Abel shrugged. ‘Not back then. Hell of a ball player, if I remember right. Could be he picked it up in the war.’

‘He’s a veteran?’

‘Not all of us managed to dodge the draft,’ said Abel with a wry smile. He knew this was unfair, that Hollis’ job as a detective had excluded him from military call-up.

‘We all passed through Camp Upton about the same time. I don’t know where he ended up. Come to think of it, maybe he never saw action. He didn’t show at the Memorial Day parade, this year or last.’ Abel stubbed out his cigarette. ‘Why all the questions?’

‘No reason,’ said Hollis.

In truth, the tall Basque with the unsettling gaze had been preying on his mind all day. In the first place, he had also picked up on the woman’s earrings—that was impressive—and then when Hollis feigned uncertainty of their significance he had simply smiled enigmatically, seeing through the front.

How had the fellow got his measure so quickly? And his parting words, the studied weight of the delivery—‘See you around, Deputy.’ They had never met before, why should they ever see each other again? If it was a message, it was one that Hollis had yet to fathom.

‘When you’re ready,’ said Abel.

‘What’s that?’

‘Come on, Tom, something’s up. I can see you thinking; shit, I can almost hear it.’

Hollis didn’t reply.

‘All I’m saying is…in your own time, if you want to talk about it.’

At that moment Lucy appeared from the house, hurrying towards the table, the oven gloves barely a match for the heat from the glass dish she was carrying. Dropping the dish on the table, she shook out her scalded fingers.

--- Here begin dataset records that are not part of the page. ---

lemma exp_growth_of_double_exp_samples:
  fixes f :: "nat \<Rightarrow> nat" and C :: nat
  assumes mono: "mono f" and C: "0 < C"
    and samples: "\<And>m. 1 \<le> m \<Longrightarrow> 2 ^ 2 ^ m \<le> f (C * 2 ^ m)"
  shows "\<exists>\<beta>::real. \<beta> > 1 \<and> (\<exists>R. \<forall>r\<ge>R. \<beta> ^ r \<le> real (f r))"
proof (intro exI conjI allI impI)
  define \<beta> :: real where "\<beta> = 2 powr (1 / (2 * real C))"
  show "\<beta> > 1"
    unfolding \<beta>_def using C by simp
  fix r
  assume r: "2 * C \<le> r"
  have "2 \<le> r div C"
    using div_le_mono[OF r, of C] C by simp
  then obtain m where m: "2 ^ m \<le> r div C" "r div C < 2 ^ (m + 1)"
    using ex_power_ivl1[of 2 "r div C"] by auto
  have "1 \<le> m"
    using \<open>2 \<le> r div C\<close> m(2) by (cases m) auto
  have "C * 2 ^ m \<le> C * (r div C)"
    using m(1) by simp
  also have "\<dots> \<le> r"
    by simp
  finally have "2 ^ 2 ^ m \<le> f r"
    using samples[OF \<open>1 \<le> m\<close>] mono by (meson monoD order_trans)
  have "r < C * (r div C + 1)"
    using dividend_less_times_div[OF C, of r] by simp
  also have "\<dots> \<le> C * 2 ^ (m + 1)"
    using m(2) by (intro mult_le_mono2) simp
  finally have "real r < real (C * 2 ^ (m + 1))"
    by (simp only: of_nat_less_iff)
  then have "real r * (1 / (2 * real C)) \<le> real (2 ^ m)"
    using C by (simp add: field_simps)
  then have "\<beta> ^ r \<le> 2 powr real (2 ^ m)"
    unfolding \<beta>_def by (simp add: powr_power)
  also have "\<dots> = real (2 ^ 2 ^ m)"
    using powr_realpow[of 2 "2 ^ m"] by simp
  also have "\<dots> \<le> real (f r)"
    using \<open>2 ^ 2 ^ m \<le> f r\<close> by (simp only: of_nat_le_iff)
  finally show "\<beta> ^ r \<le> real (f r)" .
qed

Hollis and Abel stared: patches of ocher-brown paste showing through a husk of dirty white, like snow on a muddy paddock during the spring thaw.

‘Lou, what in God’s name…?’ muttered Abel.

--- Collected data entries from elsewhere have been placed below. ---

(* Let $\alpha\in(0,2)$, $(\alpha_n)\subset(0,2)$ with $\alpha_n\to\alpha$, $w$ a probability density on $[0,1]$ continuous on $[0,1)$, and $\{\tau_n\}$ a $w$-pre-chaotic sequence. Let $\tilde z\sim\tau_n$ and $x=(x_1,\dots,x_n)=T_n(\tilde z)$ (so $x_1<\dots<x_n$), set $x_0=0$, and define the random function $\psi_n:[0,1]\to[0,\infty)$ by $\psi_n(\xi)=x_{k-1}$ for $\frac{k-1}{n}\le\xi<\frac kn$, $1\le k\le n$. Let $\rho_n$ be the push-forward of Lebesgue measure on $[0,1]$ under $\psi_n$ and $\mu_n=\frac1n\sum_j\delta_{x_j}$. Then $$\lim_{n\to\infty}\frac1n\mathbb{E}[x_n]=0,$$ and for all $\delta>0$, $\lim_{n\to\infty}\mathbb{P}\{W_1(\mu_n,\rho_n)>\delta\}=0$.
   Context: $S_1^{(n)}=\{\tilde z\in[0,\infty)^n:\sum_j\tilde z_j=1\}$. $\{\tau_n\}$ (probability measures on $S_1^{(n)}$) is $w$-pre-chaotic if, writing $n\mathbb{E}_{\tau_n}[\tilde z_j]=w(j/n)+r_n(j)$, for each $0<\xi_*<1$ there is $C$ depending only on $\xi_*$ such that for each $\epsilon>0$ there is $n_\epsilon$ with, for all $n>n_\epsilon$ and $j,k<n\xi_*$: $|r_n(j)|<\epsilon$, $\mathrm{Var}[\tilde z_j]\le C\epsilon/n$, $|\mathrm{Cov}(\tilde z_j,\tilde z_k)|\le C\epsilon/n^2$. $T_n(\tilde z)_j=n(1-\frac{\alpha_n}2)\sum_{i=1}^j\frac{\tilde z_i}{n+1-i}+\frac{j-1}{n-1}\alpha_n$. $W_1$ is the Kantorovich–Rubinstein distance $\sup\{|\int\chi d\mu-\int\chi d\nu|:\chi\ 1\text{-Lipschitz}\}$. *)

theory Defs
  imports "HOL-Probability.Probability"
begin

definition simplex1 :: "nat \<Rightarrow> (nat \<Rightarrow> real) set" where
  "simplex1 n = {z. (\<forall>j\<in>{1..n}. 0 \<le> z j) \<and> (\<Sum>j=1..n. z j) = 1}"

definition expect :: "'a measure \<Rightarrow> ('a \<Rightarrow> real) \<Rightarrow> real" where
  "expect M X = integral\<^sup>L M X"

definition covar :: "'a measure \<Rightarrow> ('a \<Rightarrow> real) \<Rightarrow> ('a \<Rightarrow> real) \<Rightarrow> real" where
  "covar M X Y = integral\<^sup>L M (\<lambda>z. (X z - expect M X) * (Y z - expect M Y))"

definition var :: "'a measure \<Rightarrow> ('a \<Rightarrow> real) \<Rightarrow> real" where
  "var M X = integral\<^sup>L M (\<lambda>z. (X z - expect M X)\<^sup>2)"

definition pre_chaotic :: "(real \<Rightarrow> real) \<Rightarrow> (nat \<Rightarrow> (nat \<Rightarrow> real) measure) \<Rightarrow> bool" where
  "pre_chaotic w \<tau> \<longleftrightarrow>
     (\<forall>\<xi>. 0 < \<xi> \<and> \<xi> < 1 \<longrightarrow>
       (\<exists>C::real. \<forall>\<epsilon>>0. \<exists>N. \<forall>n>N. \<forall>j k.
          1 \<le> j \<longrightarrow> 1 \<le> k \<longrightarrow> real j < real n * \<xi> \<longrightarrow> real k < real n * \<xi> \<longrightarrow>
          \<bar>real n * expect (\<tau> n) (\<lambda>z. z j) - w (real j / real n)\<bar> < \<epsilon> \<and>
          var (\<tau> n) (\<lambda>z. z j) \<le> C * \<epsilon> / real n \<and>
          (j \<noteq> k \<longrightarrow> \<bar>covar (\<tau> n) (\<lambda>z. z j) (\<lambda>z. z k)\<bar> \<le> C * \<epsilon> / (real n)\<^sup>2)))"

definition Tmap :: "nat \<Rightarrow> real \<Rightarrow> (nat \<Rightarrow> real) \<Rightarrow> nat \<Rightarrow> real" where
  "Tmap n a z j = real n * (1 - a / 2) * (\<Sum>i=1..j. z i / (real n + 1 - real i))
                  + (real j - 1) / (real n - 1) * a"

definition xpt :: "nat \<Rightarrow> real \<Rightarrow> (nat \<Rightarrow> real) \<Rightarrow> nat \<Rightarrow> real" where
  "xpt n a z j = (if j = 0 then 0 else Tmap n a z j)"

text \<open>psi_n(xi) = x_{k-1} for (k-1)/n \<le> xi < k/n (value at xi = 1 irrelevant, null set).\<close>
definition psi :: "nat \<Rightarrow> real \<Rightarrow> (nat \<Rightarrow> real) \<Rightarrow> real \<Rightarrow> real" where
  "psi n a z \<xi> = xpt n a z (nat \<lfloor>real n * \<xi>\<rfloor>)"
(* Let $\hat{H}=\sum_{j}h_j\hat{\gamma}_j$ be a Hamiltonian on a finite-dimensional Hilbert space, written as a finite sum where each $\hat{\gamma}_j$ is Hermitian with operator norm $\|\hat{\gamma}_j\|=1$ and each $h_j\in\mathbb{R}$. Let $G$ be its commutativity graph. Fix an arbitrary operator $\hat{B}$ and let $(\bar{\gamma}^B_i(t))_i$ be the solution of the linear system $$\dot{\bar{\gamma}}^B_{i}(t)=2\sum_{j:\langle ij\rangle\in G}|h_j|\,\bar{\gamma}^B_j(t),\qquad \bar{\gamma}^B_{i}(0)=\|[\hat{\gamma}_{i},\hat{B}]\|.$$ Then for every $t\ge 0$ and every vertex $i$, $$\|[\hat{\gamma}_i(t),\hat{B}]\|\le \bar{\gamma}^B_i(t).$$ Moreover, for every operator $\hat{A}$ and every $t\ge0$, $$\|[\hat{A}(t),\hat{B}]\|-\|[\hat{A},\hat{B}]\|\le \int_0^t\sum_{i\in S(\hat{A})}2\|\hat{A}\|\,|h_i|\,\bar{\gamma}^B_i(t')\,dt'.$$
   Context: $\|\cdot\|$ denotes the operator norm and $\hat{X}(t)=e^{i\hat{H}t}\hat{X}e^{-i\hat{H}t}$ for any operator $\hat{X}$. The commutativity graph $G$ of the decomposition $\hat{H}=\sum_j h_j\hat{\gamma}_j$ has one vertex $j$ for each term $\hat{\gamma}_j$, and vertices $i\ne j$ are joined by an edge $\langle ij\rangle$ if and only if $[\hat{\gamma}_i,\hat{\gamma}_j]\neq 0$. For an operator $\hat{A}$, its support on the commutativity graph is $S(\hat{A})=\{i:[\hat{\gamma}_i,\hat{A}]\neq0\}$. *)

theory Defs
  imports "HOL-Analysis.Analysis"
begin

text \<open>Operators on the finite-dimensional Hilbert space complex^'n are complex
  matrices of type complex^'n^'n acting by matrix-vector multiplication.\<close>

definition opnorm :: "complex^'n^'n \<Rightarrow> real" where
  "opnorm A = onorm (\<lambda>x. A *v x)"

definition adjoint :: "complex^'n^'n \<Rightarrow> complex^'n^'n" where
  "adjoint A = (\<chi> a b. cnj (A $ b $ a))"

definition comm :: "complex^'n^'n \<Rightarrow> complex^'n^'n \<Rightarrow> complex^'n^'n" where
  "comm A B = A ** B - B ** A"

‘Sweet potato and marshmallow surprise,’ she replied proudly.

Six

Conrad found himself counting his steps as he walked—ten paces to every breaking wave, the spume washing around his bare feet. He resisted the urge to hurry ahead, the darkness not descended yet, measured strides over the tide-packed sand at the water’s edge. One-to-ten, one-to-ten. The mental metronome of a route march, memories of the ragged hills east of Cassino invading his thoughts, the sound of the collapsing waves not unlike the hollow report of distant artillery fire, unseen shells reshaping the Italian landscape.

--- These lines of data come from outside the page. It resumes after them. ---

lemma ffac_mult_fact: "l \<le> k \<Longrightarrow> ffac (int k) l * fact (k - l) = fact k"
proof (induction l)
  case 0
  then show ?case by (simp add: ffac_def)
next
  case (Suc l)
  have "k - l = Suc (k - Suc l)" using Suc.prems by auto
  then have "fact (k - l) = real (k - l) * fact (k - Suc l)" by (metis fact_Suc of_nat_Suc)
  moreover have "ffac (int k) (Suc l) = ffac (int k) l * real (k - l)"
    using Suc.prems by (simp add: ffac_def of_nat_diff)
  ultimately show ?case using Suc by simp
qed

lemma ffac_eq_0: "k < l \<Longrightarrow> ffac (int k) l = 0"
  unfolding ffac_def by (rule prod_zero) auto

lemma ffac_neq_0: "l \<le> r \<Longrightarrow> ffac (int r) l \<noteq> 0"
  unfolding ffac_def by auto

lemma card_ksubsets: "card (ksubsets r k) = r choose k"
  unfolding ksubsets_def using n_subsets[of "{..<r}" k] by simp

(* Removing the forced initial segment is a bijection onto the (k-l)-subsets of {l..<r}. *)
lemma card_ksubsets_from:
  assumes "l \<le> k" "l \<le> r"
  shows "card (ksubsets_from r k l) = (r - l) choose (k - l)"
proof -
  let ?B = "{B. B \<subseteq> {l..<r} \<and> card B = k - l}"
  have "bij_betw (\<lambda>A. A - {..<l}) (ksubsets_from r k l) ?B"
  proof (rule bij_betw_byWitness[where f' = "\<lambda>B. B \<union> {..<l}"])
    show "\<forall>A\<in>ksubsets_from r k l. A - {..<l} \<union> {..<l} = A"
      unfolding ksubsets_from_def by auto
    show "\<forall>B\<in>?B. B \<union> {..<l} - {..<l} = B" by auto
    have "A - {..<l} \<in> ?B" if "A \<in> ksubsets_from r k l" for A
    proof -
      have "finite A" "A \<subseteq> {..<r}" "card A = k" "{..<l} \<subseteq> A"
        using that finite_subset[of A "{..<r}"] unfolding ksubsets_from_def ksubsets_def by auto
      then show ?thesis by (auto simp: card_Diff_subset)
    qed
    then show "(\<lambda>A. A - {..<l}) ` ksubsets_from r k l \<subseteq> ?B" by blast
    have "card (B \<union> {..<l}) = k" if "B \<in> ?B" for B
      using that assms finite_subset[of B "{l..<r}"]
      by (subst card_Un_disjoint) auto
    then show "(\<lambda>B. B \<union> {..<l}) ` ?B \<subseteq> ksubsets_from r k l"
      unfolding ksubsets_from_def ksubsets_def using assms by auto
  qed
  then have "card (ksubsets_from r k l) = card ?B" by (rule bij_betw_same_card)
  also have "\<dots> = (r - l) choose (k - l)" using n_subsets[of "{l..<r}" "k - l"] by simp
  finally show ?thesis .
qed

lemma ksubsets_from_ratio:
  assumes "k \<le> r" "l \<le> r"
  shows "real (card (ksubsets_from r k l)) / real (card (ksubsets r k))
           = ffac (int k) l / ffac (int r) l"
proof (cases "l \<le> k")
  case False
  then have "ksubsets_from r k l = {}"
    unfolding ksubsets_from_def ksubsets_def
    using card_mono[of _ "{..<l}"] finite_subset[of _ "{..<r}"] by force
  then show ?thesis using False ffac_eq_0[of k l] by simp
next
  case True
  have "k - l \<le> r - l" "r - l - (k - l) = r - k" using True assms by auto
  then have "real (card (ksubsets_from r k l)) = fact (r - l) / (fact (k - l) * fact (r - k))"
    using card_ksubsets_from[OF True assms(2)] binomial_fact[of "k - l" "r - l"] by simp
  moreover have "real (card (ksubsets r k)) = fact r / (fact k * fact (r - k))"
    using card_ksubsets binomial_fact[OF assms(1)] by simp
  ultimately show ?thesis
    using ffac_neq_0[OF assms(2)] ffac_mult_fact[OF True, symmetric] ffac_mult_fact[OF assms(2), symmetric]
    by (simp add: field_simps)
qed


definition cfg :: "nat set \<Rightarrow> nat set \<Rightarrow> (nat \<Rightarrow> bool) \<times> (nat \<Rightarrow> bool)" where
  "cfg A B = ((\<lambda>j. j \<in> A), (\<lambda>j. j \<in> B))"

definition counts :: "(nat \<Rightarrow> bool) \<times> (nat \<Rightarrow> bool) \<Rightarrow> nat \<times> nat" where
  "counts x = (card (Collect (fst x)), card (Collect (snd x)))"

definition layer :: "nat \<Rightarrow> nat \<Rightarrow> nat \<times> nat \<Rightarrow> ((nat \<Rightarrow> bool) \<times> (nat \<Rightarrow> bool)) set" where
  "layer r1 r2 k = {x \<in> configs r1 r2. counts x = k}"

(* Urn law: drawing all balls without replacement from two urns of sizes r1, r2 holding
   k = (k1,k2) white balls, i.e. the uniform law on a layer. *)
definition urn :: "nat \<Rightarrow> nat \<Rightarrow> nat \<times> nat \<Rightarrow> ((nat \<Rightarrow> bool) \<times> (nat \<Rightarrow> bool)) pmf" where
  "urn r1 r2 k = pmf_of_set (layer r1 r2 k)"

definition ones :: "nat set \<Rightarrow> nat set \<Rightarrow> ((nat \<Rightarrow> bool) \<times> (nat \<Rightarrow> bool)) set" where
  "ones S1 S2 = {(a, b). (\<forall>j\<in>S1. a j) \<and> (\<forall>j\<in>S2. b j)}"

lemma wcoord_ones: "wcoord p l1 l2 = measure_pmf.prob p (ones {..<l1} {..<l2})"
  unfolding wcoord_def ones_def by (simp add: Ball_def)

lemma inj_cfg: "inj_on (\<lambda>(A, B). cfg A B) X"
  by (auto simp: inj_on_def cfg_def fun_eq_iff)

lemma configs_iff: "(a, b) \<in> configs n1 n2 \<longleftrightarrow> Collect a \<subseteq> {..<n1} \<and> Collect b \<subseteq> {..<n2}"
  unfolding configs_def by (auto simp: subset_iff not_less[symmetric])

lemma configs_eq: "configs n1 n2 = (\<lambda>(A, B). cfg A B) ` (Pow {..<n1} \<times> Pow {..<n2})"
proof (intro equalityI subsetI)
  fix x assume "x \<in> configs n1 n2"
  moreover obtain a b where "x = (a, b)" by (cases x)
  ultimately show "x \<in> (\<lambda>(A, B). cfg A B) ` (Pow {..<n1} \<times> Pow {..<n2})"
    by (intro image_eqI[of _ _ "(Collect a, Collect b)"]) (auto simp: cfg_def configs_iff)
qed (auto simp: cfg_def configs_iff)

lemma finite_configs: "finite (configs n1 n2)"
  unfolding configs_eq by auto

lemma counts_cfg: "counts (cfg A B) = (card A, card B)"
  by (simp add: counts_def cfg_def)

Looking up, he saw a couple coming towards him, arms linked, bodies pressed close, stepping out at twilight. He thought of turning away, veering off towards the dunes to allow them a clear passage along the shore, not wanting to intrude on their moment. But they had seen him now, and a sense of propriety drove them apart.

They approached through the blue-black light, eyes downcast like guilty children.

‘Good evening,’ said the man stiffly as they passed.

A thought occurred to Conrad, and he stopped in his tracks. ‘Excuse me.’

The couple hesitated, turning.

‘Do you walk here every evening?’ asked Conrad.

‘I’m sorry?’

‘I was just wondering if you walked here most evenings.’

‘Why?’ said the man.

‘We’re from Albany,’ said the woman. She uttered the words as if they were some kind of protective incantation.

Conrad took a couple of steps towards them. ‘Last night, were you here around this time?’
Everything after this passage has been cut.